В тишину, порой ревущую, в тишину моих мыслей и вопросов, где я снова и снова возвращаюсь к себе в поисках объяснения своей жизни и ее цели, в это сконцентрированное крохотное средоточие плотного беззвучного шума ворвалось кудахтанье курицы из соседнего сада, и в тот миг это кудахтанье, его отчетливое, с острыми краями присутствие под голубым небом с белыми облаками вызвало у меня сильное ощущение свободы. Шум, издаваемый курицей, которую мне и видно не было, стал событием (вроде бегущей собаки или расцветающего артишока) в поле, которое до того ожидало первого события, чтобы самому сделаться доступным пониманию. Я понял, что в этом поле можно слушать любые звуки, любую музыку.
Из центра города в пригород, где я живу, ведут два пути: главная дорога с оживленным движением и боковая дорога, идущая через железнодорожный переезд. Второй путь быстрее, если на переезде не придется ждать поезда. Весной и ранним летом я всегда еду боковой дорогой и ловлю себя на том, что надеюсь: переезд будет закрыт. Угол, образованный железнодорожными путями и дорогой, содержит в себе поле, с других двух сторон окруженное деревьями. Трава в поле высокая, и вечером, когда солнце низко, зелень травы разделяется на светлые и темные жилки цвета — как бывает с пучком петрушки, если осветить его ночью лучом мощного фонаря. В траве прячутся, взлетают из нее черные дрозды. Их перемещениям туда и сюда нисколько не мешают поезда.
Поле доставляет мне немалое удовольствие. Почему же я тогда не гуляю там порой — оно совсем недалеко от моей квартиры, — а вместо того надеюсь, что меня там остановит закрытый шлагбаум на переезде? Дело тут в пересечении взаимозависящих случайностей. События, происходящие в поле, — две птицы гоняются друг за дружкой, облако пересекает солнце и меняет цвет зелени — приобретают особое значение, поскольку происходят в ту минуту или две, когда я вынужден ждать. Эти минуты словно заполняют собой определенную зону времени, которая абсолютно точно подогнана под пространственную зону поля. Время и пространство сочетаются.

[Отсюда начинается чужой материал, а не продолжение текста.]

lemma min_spacer_le_density:
  assumes "n \<ge> 1"
  shows "real (min_spacer n) \<le> spacer_density n * real (h n)"
proof -
  have "real (r n) * real (min_spacer n) = (\<Sum>i<r n. real (min_spacer n))" by simp
  also have "\<dots> \<le> (\<Sum>i<r n. real (s n i))"
    by (intro sum_mono) (simp add: min_spacer_le spacer_values_mem)
  also have "\<dots> \<le> (\<Sum>i\<le>r n. real (s n i))" by (intro sum_mono2) auto
  finally show ?thesis
    using cut_pos[OF assms] rk_height_pos[of n] by (simp add: spacer_density_def field_simps)
qed

context
  fixes N e :: nat
  assumes N: "N \<ge> 1" and tail: "\<forall>k\<ge>N. s k (r k) = 0"
    and tail_word: "\<exists>P. B N = P @ 0 # replicate e 1"
begin

lemma suffix_rk_word_tail:
  assumes "N \<le> n" "suffix u (B n)" "e < length u"
  shows "\<exists>P. u = P @ 0 # replicate e 1"
proof -
  obtain P where P: "B N = P @ 0 # replicate e 1" using tail_word by blast
  obtain v where "B n = v @ B N"
    using suffix_rk_word[OF N assms(1)] tail by (auto simp: suffix_def)
  with P obtain P' where P': "B n = P' @ 0 # replicate e 1" by auto
  obtain v' where v': "B n = v' @ u" using assms(2) by (auto simp: suffix_def)
  have "length v' + length u = length P' + Suc e"
    using arg_cong[OF v', of length] arg_cong[OF P', of length] by simp
  then have "length v' \<le> length P'" using assms(3) by linarith
  then have "u = drop (length v') P' @ 0 # replicate e 1"
    using arg_cong[OF v', of "drop (length v')"] P' by simp
  then show ?thesis by blast
qed

lemma factor_suffix_spacer_zero:
  assumes "N \<le> n" "k \<in> spacer_values n" "suffix u (B n)"
  shows "factor (u @ replicate k 1 @ [0])"
proof -
  obtain m i where mi: "k = s m i" "n \<le> m" "i < r m"
    using assms(2) by (auto simp: spacer_values_def)
  have m: "m \<ge> 1" using mi N assms(1) by simp
  have "suffix (B n) (B m)"
    using suffix_rk_word[of n m] N tail assms(1) mi(2) by simp
  then obtain p where p: "B m = p @ u" using assms(3) by (auto simp: suffix_def)
  obtain z where z: "B m = 0 # z" using rk_word_Cons by blast
  have "B m @ replicate k 1 @ B m = p @ (u @ replicate k 1 @ [0]) @ z"
    using p z by (metis append.assoc append_Cons append_Nil)
  then have "sublist (u @ replicate k 1 @ [0]) (B (Suc m))"
    using sublist_rk_word_spacer[OF m mi(3)] mi(1)
    by (metis sublist_appendI sublist_order.order_trans)
  then show ?thesis unfolding factor_def by (intro exI[of _ "Suc m"]) simp
qed

lemma right_special_suffix_spacer:
  assumes "N \<le> n" "k \<in> spacer_values n" "k' \<in> spacer_values n" "k < k'" "suffix u (B n)"
  shows "right_special (u @ replicate k 1)"
proof -
  have "k' = k + Suc (k' - Suc k)" using assms(4) by simp
  then have "replicate k' (1::nat) = replicate k 1 @ 1 # replicate (k' - Suc k) 1"
    by (metis replicate_Suc replicate_add)
  then have "u @ replicate k' 1 @ [0] = (u @ replicate k 1 @ [1]) @ replicate (k' - Suc k) 1 @ [0]"
    by simp
  then have "sublist (u @ replicate k 1 @ [1]) (u @ replicate k' 1 @ [0])"
    by (metis sublist_append_rightI)
  then show ?thesis
    using factor_suffix_spacer_zero[OF assms(1,2,5)] factor_suffix_spacer_zero[OF assms(1,3,5)]
    by (auto simp: right_special_def intro: factor_sublist)
qed

lemma right_special_ones:
  assumes "N \<le> n" "c \<in> spacer_values n" "q < c"
  shows "right_special (replicate q 1)"
proof -
  have c: "factor (replicate c 1 @ [0])"
    using factor_suffix_spacer_zero[OF assms(1,2), of "[]"] by simp
  have "c = (c - q) + q" "c = q + Suc (c - Suc q)" using assms(3) by simp_all
  then have "replicate c (1::nat) @ [0] = replicate (c - q) 1 @ (replicate q 1 @ [0])"
    "replicate c (1::nat) @ [0] = (replicate q 1 @ [1]) @ replicate (c - Suc q) 1 @ [0]"
    by (metis append.assoc replicate_add, metis append.assoc append_Cons append_Nil replicate_Suc replicate_add)
  then show ?thesis
    using c unfolding right_special_def
    by (metis factor_sublist sublist_append_leftI sublist_append_rightI)
qed

lemma right_special_tail_spacer:
  assumes "N \<le> n" "k \<in> spacer_values n" "k' \<in> spacer_values n" "k < k'"
    and "k + e < q" "q \<le> k + h n"
  obtains P where "right_special (P @ 0 # replicate (e + k) 1)"
    "length (P @ 0 # replicate (e + k) 1) = q"
proof -
  define u where "u = drop (h n - (q - k)) (B n)"
  have u: "suffix u (B n)" "length u = q - k"
    using assms(6) by (auto simp: u_def suffix_drop rk_height_def)
  then obtain P where P: "u = P @ 0 # replicate e 1"
    using suffix_rk_word_tail[OF assms(1)] assms(5) by fastforce
  have "right_special (u @ replicate k 1)"
    by (rule right_special_suffix_spacer[OF assms(1-4) u(1)])
  moreover have "u @ replicate k 1 = P @ 0 # replicate (e + k) 1"
    by (simp add: P replicate_add)
  ultimately show thesis
    using that[of P] u(2) assms(5) P by simp
qed

lemma two_right_specials:
  assumes "N \<le> n" and abc: "a \<in> spacer_values n" "b \<in> spacer_values n" "c \<in> spacer_values n"
    "a < b" "b < c"
    and q: "a + e < q" "q < a + h n" "q < c \<or> b + e < q"
  shows "2 \<le> card {w \<in> factors q. right_special w}"
proof -
  obtain P where P: "right_special (P @ 0 # replicate (e + a) 1)"
    "length (P @ 0 # replicate (e + a) 1) = q"
    using right_special_tail_spacer[OF assms(1) abc(1,2,4) q(1) less_imp_le[OF q(2)]] by blast
  obtain w where w: "right_special w" "length w = q" "w \<noteq> P @ 0 # replicate (e + a) 1"
  proof (cases "q < c")
    case True
    have "replicate q (1::nat) \<noteq> P @ 0 # replicate (e + a) 1"
    proof
      assume "replicate q (1::nat) = P @ 0 # replicate (e + a) 1"
      then have "0 \<in> set (replicate q (1::nat))" by simp
      then show False by simp
    qed
    then show thesis
      using that[of "replicate q 1"] right_special_ones[OF assms(1) abc(3) True] by simp
  next
    case False
    then have "b + e < q" "q \<le> b + h n" using q abc(4) by simp_all
    then obtain P' where "right_special (P' @ 0 # replicate (e + b) 1)"
      "length (P' @ 0 # replicate (e + b) 1) = q"
      using right_special_tail_spacer[OF assms(1) abc(2,3,5)] by blast
    moreover have "P' @ 0 # replicate (e + b) 1 \<noteq> P @ 0 # replicate (e + a) (1::nat)"
      using append_Cons_replicate_eq_imp_eq[of 0 1 P' "e + b" P "e + a"] abc(4) by auto
    ultimately show thesis using that by blast
  qed
  have "{P @ 0 # replicate (e + a) 1, w} \<subseteq> {w \<in> factors q. right_special w}"
    using P w by (auto simp: factors_def right_special_imp_factor)
  moreover have "finite {w \<in> factors q. right_special w}"
    using finite_factors by simp
  moreover have "card {P @ 0 # replicate (e + a) 1, w} = 2"
    using w(3) by simp
  ultimately show ?thesis by (metis card_mono)
qed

Переживания, которые я пытаюсь описать, неуверенно подходя к делу то так, то этак, очень точно определены и узнаются сразу. Но существуют они на уровне восприятия и ощущения, которые, вероятно, появились прежде слов — вот главное объяснение, почему об этом трудно писать.
Эти переживания, несомненно, имеют под собой психологическую основу, начинаются в младенчестве, что можно объяснить в рамках психоанализа. Но подобные объяснения не обобщают опыт этих переживаний, а лишь систематизируют его. Опыт этот в той или иной форме, полагаю, общий для всех. Его редко упоминают лишь потому, что у него нет названия.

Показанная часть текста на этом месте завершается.